■ **What this task involves**
The records below are split into lines. How many of those lines contain the string "induction"? Reply with the number only.

────

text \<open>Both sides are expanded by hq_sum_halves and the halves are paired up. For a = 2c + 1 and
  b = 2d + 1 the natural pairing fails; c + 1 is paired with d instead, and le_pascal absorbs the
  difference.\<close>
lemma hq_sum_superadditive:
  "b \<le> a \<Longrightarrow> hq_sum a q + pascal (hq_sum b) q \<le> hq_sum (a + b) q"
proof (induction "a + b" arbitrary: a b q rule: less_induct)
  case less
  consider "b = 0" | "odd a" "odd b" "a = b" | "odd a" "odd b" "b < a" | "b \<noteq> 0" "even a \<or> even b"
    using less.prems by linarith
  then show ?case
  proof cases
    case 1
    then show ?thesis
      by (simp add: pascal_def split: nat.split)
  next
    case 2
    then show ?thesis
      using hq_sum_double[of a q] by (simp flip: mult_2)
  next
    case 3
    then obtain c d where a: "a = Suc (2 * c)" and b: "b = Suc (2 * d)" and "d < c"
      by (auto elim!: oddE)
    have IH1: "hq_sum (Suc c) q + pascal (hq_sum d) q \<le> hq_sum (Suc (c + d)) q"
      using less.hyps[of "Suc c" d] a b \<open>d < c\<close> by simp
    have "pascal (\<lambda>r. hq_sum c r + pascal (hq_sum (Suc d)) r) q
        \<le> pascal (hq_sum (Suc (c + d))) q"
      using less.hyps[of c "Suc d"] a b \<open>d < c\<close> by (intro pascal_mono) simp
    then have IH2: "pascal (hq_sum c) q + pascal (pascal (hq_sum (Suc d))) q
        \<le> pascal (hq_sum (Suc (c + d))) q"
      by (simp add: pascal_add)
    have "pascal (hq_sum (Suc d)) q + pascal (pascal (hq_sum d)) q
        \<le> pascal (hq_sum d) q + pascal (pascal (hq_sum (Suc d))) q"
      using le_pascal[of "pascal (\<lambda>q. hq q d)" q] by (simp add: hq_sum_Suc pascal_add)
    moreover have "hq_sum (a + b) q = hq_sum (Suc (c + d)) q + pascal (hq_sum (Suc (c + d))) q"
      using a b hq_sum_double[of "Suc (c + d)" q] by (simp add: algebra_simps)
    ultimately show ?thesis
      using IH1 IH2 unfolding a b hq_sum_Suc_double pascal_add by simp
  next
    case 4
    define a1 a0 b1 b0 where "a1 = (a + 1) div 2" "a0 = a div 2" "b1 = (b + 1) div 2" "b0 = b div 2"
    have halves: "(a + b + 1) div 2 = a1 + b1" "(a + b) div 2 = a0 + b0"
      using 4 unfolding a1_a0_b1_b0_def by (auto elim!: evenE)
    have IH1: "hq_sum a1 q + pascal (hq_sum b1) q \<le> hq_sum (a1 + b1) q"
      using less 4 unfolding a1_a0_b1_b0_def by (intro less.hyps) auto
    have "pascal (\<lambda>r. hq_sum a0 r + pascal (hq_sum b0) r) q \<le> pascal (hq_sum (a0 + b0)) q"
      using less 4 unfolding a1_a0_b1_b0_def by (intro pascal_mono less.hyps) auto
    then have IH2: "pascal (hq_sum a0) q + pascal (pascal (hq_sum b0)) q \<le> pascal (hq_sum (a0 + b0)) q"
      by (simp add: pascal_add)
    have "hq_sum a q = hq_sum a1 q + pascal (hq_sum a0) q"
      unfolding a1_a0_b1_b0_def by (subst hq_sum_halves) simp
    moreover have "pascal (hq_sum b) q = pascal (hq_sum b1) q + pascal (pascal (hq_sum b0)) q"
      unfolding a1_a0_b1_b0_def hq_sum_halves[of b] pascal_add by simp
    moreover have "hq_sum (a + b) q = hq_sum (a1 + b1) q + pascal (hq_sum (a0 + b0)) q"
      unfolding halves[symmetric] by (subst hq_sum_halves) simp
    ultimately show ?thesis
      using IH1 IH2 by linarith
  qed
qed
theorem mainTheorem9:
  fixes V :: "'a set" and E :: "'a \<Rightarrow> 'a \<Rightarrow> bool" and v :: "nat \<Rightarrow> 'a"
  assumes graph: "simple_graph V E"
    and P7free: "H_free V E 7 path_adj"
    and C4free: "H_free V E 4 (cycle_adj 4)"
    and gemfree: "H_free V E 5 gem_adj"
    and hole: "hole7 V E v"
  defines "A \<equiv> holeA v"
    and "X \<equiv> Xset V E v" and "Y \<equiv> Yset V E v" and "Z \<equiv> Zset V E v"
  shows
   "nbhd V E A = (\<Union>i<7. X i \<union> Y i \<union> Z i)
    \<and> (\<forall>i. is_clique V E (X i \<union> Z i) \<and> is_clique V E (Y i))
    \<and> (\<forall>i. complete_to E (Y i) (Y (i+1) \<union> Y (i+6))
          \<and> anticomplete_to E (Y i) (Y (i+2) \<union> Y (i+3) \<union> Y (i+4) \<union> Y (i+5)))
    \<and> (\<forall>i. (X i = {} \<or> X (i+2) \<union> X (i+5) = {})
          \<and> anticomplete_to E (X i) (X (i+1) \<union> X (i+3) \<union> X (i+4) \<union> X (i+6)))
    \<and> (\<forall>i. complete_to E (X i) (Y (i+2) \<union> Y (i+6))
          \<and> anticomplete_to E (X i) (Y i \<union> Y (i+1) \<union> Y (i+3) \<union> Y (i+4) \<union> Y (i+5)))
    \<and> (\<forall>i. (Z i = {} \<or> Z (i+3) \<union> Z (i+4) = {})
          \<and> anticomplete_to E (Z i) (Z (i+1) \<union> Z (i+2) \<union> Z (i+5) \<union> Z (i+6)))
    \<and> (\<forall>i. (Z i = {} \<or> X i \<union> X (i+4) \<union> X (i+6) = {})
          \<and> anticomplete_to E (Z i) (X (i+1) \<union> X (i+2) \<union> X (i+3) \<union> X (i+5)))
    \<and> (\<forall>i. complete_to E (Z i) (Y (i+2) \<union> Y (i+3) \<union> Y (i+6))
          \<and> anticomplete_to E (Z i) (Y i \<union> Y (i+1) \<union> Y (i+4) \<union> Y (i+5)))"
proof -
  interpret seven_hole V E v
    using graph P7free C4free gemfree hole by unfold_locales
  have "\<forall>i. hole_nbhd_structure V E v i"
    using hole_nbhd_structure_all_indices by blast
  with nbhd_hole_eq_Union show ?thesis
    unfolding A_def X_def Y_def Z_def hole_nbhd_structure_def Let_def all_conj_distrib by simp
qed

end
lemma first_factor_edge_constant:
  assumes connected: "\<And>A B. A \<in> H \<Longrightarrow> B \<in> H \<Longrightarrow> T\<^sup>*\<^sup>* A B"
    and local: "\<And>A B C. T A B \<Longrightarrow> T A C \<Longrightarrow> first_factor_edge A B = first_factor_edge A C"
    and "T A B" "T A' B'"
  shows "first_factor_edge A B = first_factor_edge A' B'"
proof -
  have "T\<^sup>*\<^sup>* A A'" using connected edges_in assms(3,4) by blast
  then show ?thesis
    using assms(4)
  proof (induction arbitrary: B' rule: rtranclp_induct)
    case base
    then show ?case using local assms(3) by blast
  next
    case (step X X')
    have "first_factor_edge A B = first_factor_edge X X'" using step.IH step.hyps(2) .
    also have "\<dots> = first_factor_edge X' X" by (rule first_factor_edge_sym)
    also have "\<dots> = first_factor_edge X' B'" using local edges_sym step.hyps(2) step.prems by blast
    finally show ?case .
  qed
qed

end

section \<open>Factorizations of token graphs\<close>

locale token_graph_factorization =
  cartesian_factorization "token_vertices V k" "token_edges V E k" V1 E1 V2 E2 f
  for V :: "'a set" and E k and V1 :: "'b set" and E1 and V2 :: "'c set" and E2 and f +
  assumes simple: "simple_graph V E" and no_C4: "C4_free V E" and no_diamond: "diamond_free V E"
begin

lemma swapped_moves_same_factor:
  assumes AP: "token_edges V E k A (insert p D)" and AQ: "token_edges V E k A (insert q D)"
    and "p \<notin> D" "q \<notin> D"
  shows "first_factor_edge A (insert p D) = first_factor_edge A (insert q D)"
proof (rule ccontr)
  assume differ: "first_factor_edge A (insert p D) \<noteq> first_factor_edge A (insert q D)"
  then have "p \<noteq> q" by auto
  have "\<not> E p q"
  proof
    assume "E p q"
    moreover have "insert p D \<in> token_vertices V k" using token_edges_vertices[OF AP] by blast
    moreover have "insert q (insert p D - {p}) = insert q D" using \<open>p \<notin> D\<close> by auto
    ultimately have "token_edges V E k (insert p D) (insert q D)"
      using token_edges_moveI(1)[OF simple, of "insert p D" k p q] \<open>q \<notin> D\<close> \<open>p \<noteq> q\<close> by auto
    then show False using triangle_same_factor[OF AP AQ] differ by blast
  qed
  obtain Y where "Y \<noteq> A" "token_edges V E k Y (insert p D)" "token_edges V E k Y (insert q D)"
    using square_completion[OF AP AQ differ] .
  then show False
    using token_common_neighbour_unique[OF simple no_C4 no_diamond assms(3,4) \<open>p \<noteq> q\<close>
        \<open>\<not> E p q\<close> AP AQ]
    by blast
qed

────

■ **Task result**
2